Ricker lingers, holding tightly to her, then pulls back slightly to speak. "…You know anything about rakghouls?" He asks, tugging at his gun's strap.

Foha wrinkles her nose. "Rakghouls? What's that gotta do with anything?" She pauses. "Are you getting sent out to fight them? They can't have made it Erini?"

Ricker quickly puts his hands on her shoulders to calm her. "No, no, nothing like that. Thank feth nothing like that.”  It's...uh... Well, you'll see. You should see for yourself. Come on." Foha follows after Ricker, puzzled. Her hand strays to her blaster, fingers resting lightly on the handle as he leads her to the starport's main hall.

THORN operatives and volunteers are everywhere and in the middle of a hundred different epicenters of motion, wheeling around large crates with biohazard stickers to and fro, directing lines, and conducting bioscans. Spacers, soldiers, and tramp freighter captains from all over are milling around, grounded indefinitely.

"Couple of days back, folks started getting strange reports...now, this.”

Foha studies the activity of the starport, frowning. "Kriffing fate... there's rakghouls here? Kriffing...” Foha looks at Ricker, distressed. “They won't let me take off will they?"

Ricker looks back at her for a while, then shakes his head. "No. Not with this still going on." He sighs, looking helpless. "I tried to tell you...THORN requisitioned the long-range comms as soon as they dropped in." He inhales deeply. "At any rate...I've gotten our place prepped. It's full of rations, aside from what was already there."

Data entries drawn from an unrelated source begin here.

lemma p_mex_eq_alternating_sum:
  assumes "0 < a" "a \<le> A"
  shows "(of_nat (p_mex A a n) :: 'a::comm_ring_1) =
    (\<Sum>j\<le>n. (-1) ^ j * of_nat (card {P \<in> partitions n. progression A a j \<subseteq># P}))"
proof -
  have "0 < A" using assms by simp
  have indicator: "(if even (run_length A a P) then 1 else 0 :: 'a) =
      (\<Sum>j\<le>n. if progression A a j \<subseteq># P then (-1) ^ j else 0)" if "P \<in> partitions n" for P
  proof -
    have "sum_mset P = n" using that by (simp add: partitions_def)
    then have "run_length A a P \<le> n" using run_length_le_sum_mset[OF assms(1) \<open>0 < A\<close>, of P] by simp
    then have "{j \<in> {..n}. progression A a j \<subseteq># P} = {..run_length A a P}"
      by (auto simp: progression_subseteq_iff[OF \<open>0 < A\<close>])
    then show ?thesis
      by (simp add: sum.inter_filter[symmetric] even_indicator_eq_alternating_sum)
  qed
  have "(of_nat (p_mex A a n) :: 'a) = (\<Sum>P\<in>partitions n. if even (run_length A a P) then 1 else 0)"
    unfolding p_mex_def mex_mod_double_eq_iff[OF assms]
    by (simp add: sum.inter_filter[symmetric] finite_partitions)
  also have "\<dots> = (\<Sum>P\<in>partitions n. \<Sum>j\<le>n. if progression A a j \<subseteq># P then (-1) ^ j else 0)"
    using indicator by (rule sum.cong[OF refl])
  also have "\<dots> = (\<Sum>j\<le>n. \<Sum>P\<in>partitions n. if progression A a j \<subseteq># P then (-1) ^ j else 0)"
    by (rule sum.swap)
  also have "\<dots> = (\<Sum>j\<le>n. (-1) ^ j * of_nat (card {P \<in> partitions n. progression A a j \<subseteq># P}))"
    by (simp add: sum.inter_filter[symmetric] finite_partitions mult.commute)
  finally show ?thesis .
qed
definition eps_mod :: "real \<Rightarrow> (nat \<Rightarrow> 'p \<Rightarrow> real \<times> real) \<Rightarrow> nat \<Rightarrow> 'p \<Rightarrow> real \<times> real" where
  "eps_mod \<epsilon> S t w =
     (let c = \<epsilon> / (2 * (real t + 1)^2)
      in ((1 - c) * fst (S t w) + c / 2, (1 - c) * snd (S t w) + c / 2))"

(* U is a universalization of S: D = admissible market data, X d = return vectors,
   W = parameter space, S d t w = investment description. eta independent of data. *)
definition universalization ::
  "'d set \<Rightarrow> ('d \<Rightarrow> nat \<Rightarrow> real \<times> real) \<Rightarrow> 'p set \<Rightarrow> ('d \<Rightarrow> nat \<Rightarrow> 'p \<Rightarrow> real \<times> real)
     \<Rightarrow> ('d \<Rightarrow> nat \<Rightarrow> real \<times> real) \<Rightarrow> bool" where
  "universalization D X W S U \<longleftrightarrow>
     (\<exists>\<eta>::nat \<Rightarrow> real. \<eta> \<longlonglongrightarrow> 0 \<and>
        (\<forall>d\<in>D. \<forall>n\<ge>1. growth (U d) (X d) n \<ge> (SUP w\<in>W. growth (\<lambda>t. S d t w) (X d) n) - \<eta> n))"

definition universalizable ::
  "'d set \<Rightarrow> ('d \<Rightarrow> nat \<Rightarrow> real \<times> real) \<Rightarrow> 'p set \<Rightarrow> 'p measure
     \<Rightarrow> ('d \<Rightarrow> nat \<Rightarrow> 'p \<Rightarrow> real \<times> real) \<Rightarrow> bool" where
  "universalizable D X W \<mu> S \<longleftrightarrow>
     (\<forall>\<epsilon>. 0 < \<epsilon> \<and> \<epsilon> < 1 \<longrightarrow>
        universalization D X W S (\<lambda>d. univ_strategy \<mu> (eps_mod \<epsilon> (S d)) (X d)))"

(* W_k, coordinates indexed 0..<k (standing for 1..k), zero outside *)
definition Wk :: "nat \<Rightarrow> (nat \<Rightarrow> real) set" where
  "Wk k = {w. (\<forall>i<k. 0 \<le> w i \<and> w i \<le> 1) \<and> (\<forall>i\<ge>k. w i = 0) \<and> (\<Sum>i<k. w i) = 1}"

(* chart: first k-1 coordinates *)
definition lower_simplex :: "nat \<Rightarrow> (nat \<Rightarrow> real) set" where
  "lower_simplex k = {u \<in> space (Pi\<^sub>M {..<k-1} (\<lambda>_. lborel)).
      (\<forall>i<k-1. 0 \<le> u i) \<and> (\<Sum>i<k-1. u i) \<le> 1}"

definition lift_simplex :: "nat \<Rightarrow> (nat \<Rightarrow> real) \<Rightarrow> nat \<Rightarrow> real" where
  "lift_simplex k u = (\<lambda>i. if i < k - 1 then u i
                          else if i = k - 1 then 1 - (\<Sum>j<k-1. u j) else 0)"

(* uniform probability measure on W_k: image of the normalized Lebesgue measure on
   the (k-1)-dimensional chart under the affine bijection onto W_k *)
definition simplex_uniform :: "nat \<Rightarrow> (nat \<Rightarrow> real) measure" where
  "simplex_uniform k =
     distr (uniform_measure (Pi\<^sub>M {..<k-1} (\<lambda>_. lborel)) (lower_simplex k))
           (Pi\<^sub>M UNIV (\<lambda>_. borel)) (lift_simplex k)"

definition param_uniform :: "nat \<Rightarrow> ((nat \<Rightarrow> real) \<times> (nat \<Rightarrow> real)) measure" where
  "param_uniform k = simplex_uniform k \<Otimes>\<^sub>M simplex_uniform k"

(* market data: (y, v), y t = price factor on day t, v t j = v_{t,j+1} *)
definition market_data :: "nat \<Rightarrow> real \<Rightarrow> ((nat \<Rightarrow> real) \<times> (nat \<Rightarrow> nat \<Rightarrow> real)) set" where
  "market_data k \<alpha> = {(y, v). (\<forall>t. 0 < y t \<and> y t < 1 + \<alpha>) \<and>
                               (\<forall>t j. j < k \<longrightarrow> 0 < v t j \<and> v t j \<le> 1)}"

definition ls_returns :: "real \<Rightarrow> (nat \<Rightarrow> real) \<times> (nat \<Rightarrow> nat \<Rightarrow> real) \<Rightarrow> nat \<Rightarrow> real \<times> real" where
  "ls_returns \<alpha> d t = (fst d t, 1 + (1 - fst d t) / \<alpha>)"

definition MA :: "nat \<Rightarrow> (nat \<Rightarrow> real \<Rightarrow> real) \<Rightarrow> (nat \<Rightarrow> real) \<times> (nat \<Rightarrow> nat \<Rightarrow> real)
     \<Rightarrow> nat \<Rightarrow> (nat \<Rightarrow> real) \<times> (nat \<Rightarrow> real) \<Rightarrow> real \<times> real" where
  "MA k G d t w =
     (let s = (\<Sum>j<k. (fst w j - snd w j) * snd d t j)
      in (G t s, 1 - G t s))"

definition g_line :: "real \<Rightarrow> real" where
  "g_line x = (x + 1) / 2"

definition g_step :: "nat \<Rightarrow> real \<Rightarrow> real" where
  "g_step n x = (if x < - 1 / real n then 0
                 else if x \<le> 1 / real n then real n / 2 * (x + 1 / real n) else 1)"

end

theory Submission
  imports Defs "HOL-Probability.Probability" "HOL-Real_Asymp.Real_Asymp"
begin

text \<open>
  Fix a parameter w = (a, b) of MA[k] and a horizon n, and let h be the homothety of
  W_k^2 with centre w and ratio r_n = \<epsilon> / (4 (n+1)^3). For every parameter in the image
  of h, the moving-average signal on each day t < n differs from that of w by at most 2 r_n;
  since the allocation function of day t is ((t+1)/2)-Lipschitz, the \<epsilon>-modified portfolio
  then earns at least the fraction 1 - \<epsilon> / (2 (t+1)^2) of the return of w, and these
  fractions multiply to at least 1/(n+1). The image of h has \<mu>-measure r_n^(2(k-1)), and the
  wealth of the universal strategy is the \<mu>-average of the wealths of the \<epsilon>-modified
  strategies. Hence the universal wealth is at least r_n^(2(k-1)) R_n(MA(w)) / (n+1), so its
  growth rate falls short of that of MA(w) by at most (ln(n+1) - 2(k-1) ln r_n) / n,
  which tends to 0.
\<close>

section \<open>Affine images of Lebesgue measure\<close>

interpretation lborel_product: product_sigma_finite "\<lambda>_::nat. lborel :: real measure"
  by (simp add: product_sigma_finite_def lborel.sigma_finite_measure_axioms)

abbreviation lborel_pow :: "nat \<Rightarrow> (nat \<Rightarrow> real) measure" where
  "lborel_pow m \<equiv> PiM {..<m} (\<lambda>_. lborel)"

lemma emeasure_lborel_affine_vimage:
  fixes c l :: real
  assumes "0 < l" and "A \<in> sets borel"
  shows "emeasure lborel A = ennreal l * emeasure lborel ((\<lambda>x. c + l * x) -` A)"
proof -
  have "emeasure lborel A = emeasure (density (distr lborel borel (\<lambda>x. c + l * x)) (\<lambda>_. ennreal \<bar>l\<bar>)) A"
    using lborel_real_affine[of l c] assms(1) by simp
  also have "\<dots> = ennreal l * emeasure lborel ((\<lambda>x. c + l * x) -` A)"
    using assms by (simp add: emeasure_density_const emeasure_distr)
  finally show ?thesis .
qed

lemma PiM_lborel_affine:
  fixes c :: "nat \<Rightarrow> real" and l :: real
  assumes "0 < l"
  shows "lborel_pow m =
    density (distr (lborel_pow m) (lborel_pow m) (\<lambda>u. \<lambda>i\<in>{..<m}. c i + l * u i)) (\<lambda>_. ennreal (l ^ m))"
proof -
  let ?\<psi> = "\<lambda>u. \<lambda>i\<in>{..<m}. c i + l * u i"
  have \<psi>_measurable: "?\<psi> \<in> lborel_pow m \<rightarrow>\<^sub>M lborel_pow m"
    by measurable
  show ?thesis
  proof (rule sym, rule lborel_product.PiM_eqI)
    fix A :: "nat \<Rightarrow> real set"
    assume A: "\<And>i. i \<in> {..<m} \<Longrightarrow> A i \<in> sets lborel"
    have box: "Pi\<^sub>E {..<m} A \<in> sets (lborel_pow m)"
      using A by (intro sets_PiM_I_finite) auto
    have vimage: "?\<psi> -` Pi\<^sub>E {..<m} A \<inter> space (lborel_pow m) = Pi\<^sub>E {..<m} (\<lambda>i. (\<lambda>x. c i + l * x) -` A i)"
      by (auto simp: space_PiM PiE_def Pi_def extensional_def)
    have vimage_sets: "(\<lambda>x. c i + l * x) -` A i \<in> sets borel" if "i < m" for i
    proof -
      have "(\<lambda>x. c i + l * x) \<in> borel_measurable borel"
        by measurable
      from measurable_sets[OF this, of "A i"] A[of i] that show ?thesis
        by simp
    qed
    have "emeasure (density (distr (lborel_pow m) (lborel_pow m) ?\<psi>) (\<lambda>_. ennreal (l ^ m))) (Pi\<^sub>E {..<m} A)
        = ennreal (l ^ m) * emeasure (lborel_pow m) (?\<psi> -` Pi\<^sub>E {..<m} A \<inter> space (lborel_pow m))"
      using box \<psi>_measurable by (simp add: emeasure_density_const emeasure_distr)
    also have "\<dots> = ennreal (l ^ m) * (\<Prod>i<m. emeasure lborel ((\<lambda>x. c i + l * x) -` A i))"
      unfolding vimage using vimage_sets by (subst lborel_product.emeasure_PiM) auto
    also have "\<dots> = (\<Prod>i<m. ennreal l * emeasure lborel ((\<lambda>x. c i + l * x) -` A i))"
      using \<open>0 < l\<close> by (simp add: prod.distrib ennreal_power)
    also have "\<dots> = (\<Prod>i<m. emeasure lborel (A i))"
      using A \<open>0 < l\<close> by (intro prod.cong refl emeasure_lborel_affine_vimage[symmetric]) auto
    finally show "emeasure (density (distr (lborel_pow m) (lborel_pow m) ?\<psi>) (\<lambda>_. ennreal (l ^ m))) (Pi\<^sub>E {..<m} A)
        = (\<Prod>i\<in>{..<m}. emeasure lborel (A i))" .
  qed simp_all
qed

lemma nn_integral_PiM_lborel_affine:
  fixes c :: "nat \<Rightarrow> real" and l :: real
  assumes "0 < l" and [measurable]: "h \<in> borel_measurable (lborel_pow m)"
  shows "(\<integral>\<^sup>+u. h u \<partial>lborel_pow m) =
    ennreal (l ^ m) * (\<integral>\<^sup>+u. h (\<lambda>i\<in>{..<m}. c i + l * u i) \<partial>lborel_pow m)"
proof -
  let ?P = "lborel_pow m"
  let ?\<psi> = "\<lambda>u. \<lambda>i\<in>{..<m}. c i + l * u i"
  have [measurable]: "?\<psi> \<in> ?P \<rightarrow>\<^sub>M ?P"
    by measurable
  have "(\<integral>\<^sup>+u. h u \<partial>?P) = (\<integral>\<^sup>+u. h u \<partial>density (distr ?P ?P ?\<psi>) (\<lambda>_. ennreal (l ^ m)))"
    using PiM_lborel_affine[OF \<open>0 < l\<close>, of m c] by simp
  also have "\<dots> = (\<integral>\<^sup>+u. ennreal (l ^ m) * h (?\<psi> u) \<partial>?P)"
    by (simp add: nn_integral_density nn_integral_distr)
  also have "\<dots> = ennreal (l ^ m) * (\<integral>\<^sup>+u. h (?\<psi> u) \<partial>?P)"
    by (simp add: nn_integral_cmult)
  finally show ?thesis .
qed

section \<open>The uniform measure on the simplex\<close>

abbreviation seq_borel :: "(nat \<Rightarrow> real) measure" where
  "seq_borel \<equiv> PiM UNIV (\<lambda>_. borel)"

definition homothety :: "(nat \<Rightarrow> real) \<Rightarrow> real \<Rightarrow> (nat \<Rightarrow> real) \<Rightarrow> nat \<Rightarrow> real" where
  "homothety a l x = (\<lambda>i. (1 - l) * a i + l * x i)"

lemma homothety_measurable [measurable]: "homothety a l \<in> seq_borel \<rightarrow>\<^sub>M seq_borel"
  unfolding homothety_def by (rule measurable_PiM_single') (auto simp: space_PiM)

lemma Wk_sets [measurable]: "Wk k \<in> sets seq_borel"
proof -
  have "{x \<in> space seq_borel. x \<in> Wk k} \<in> sets seq_borel"
    unfolding Wk_def by measurable
  then show ?thesis
    by (simp add: space_PiM)
qed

Foha squeezes Ricker's hand. "How bad is it? Are the ghouls everywhere?"

He squeezes her hand in return. "There are some sections of town, way off to the north that people have been told to keep -out- of. They roam around down there. There's no curfew...but you'd be a fool to be out in the dark with all this feth."

Foha nods. "Seen some of the Tarisian ones. Then I heard 'bout Alderaan and kept well away from them." She pauses and mumbles, "Sometimes I think it's worse than the Taint." She casts a THORN member a look, then quickly looks away before anyone gets any ideas about searching her. "What d'we do then? Sit tight? What about company folk?"

“As far as I know, people are safe. I think a couple of runners are unaccounted for, but it's no one we know. They probably bugged off, headed to Anchorhead or one of the outposts. They're smart," he says, smiling and nodding reassuringly. "They'd have known what to do." He looks around and nods at one of the THORN privates. The private nods back, apparently recognizing Ricker.

Foha looks at the sea of faces: spacers, travellers, THORN members, local refugees, all mingling in the spaceport, which is busy even on a good day. Here and there, children cry, tear-streaked, wandering among the temporary enclosures that provide food and water and treatment. She frowns. "Kriff."

He sighs, then nods. "Yeah… Oh! Before we leave."

Foha tilts her head curiously as Ricker angles them both away from the public eye and toward a shaded corner. He hands her a hypo-syringe.

"Vaccine. Don't, uh...make a big..y'know, show of it."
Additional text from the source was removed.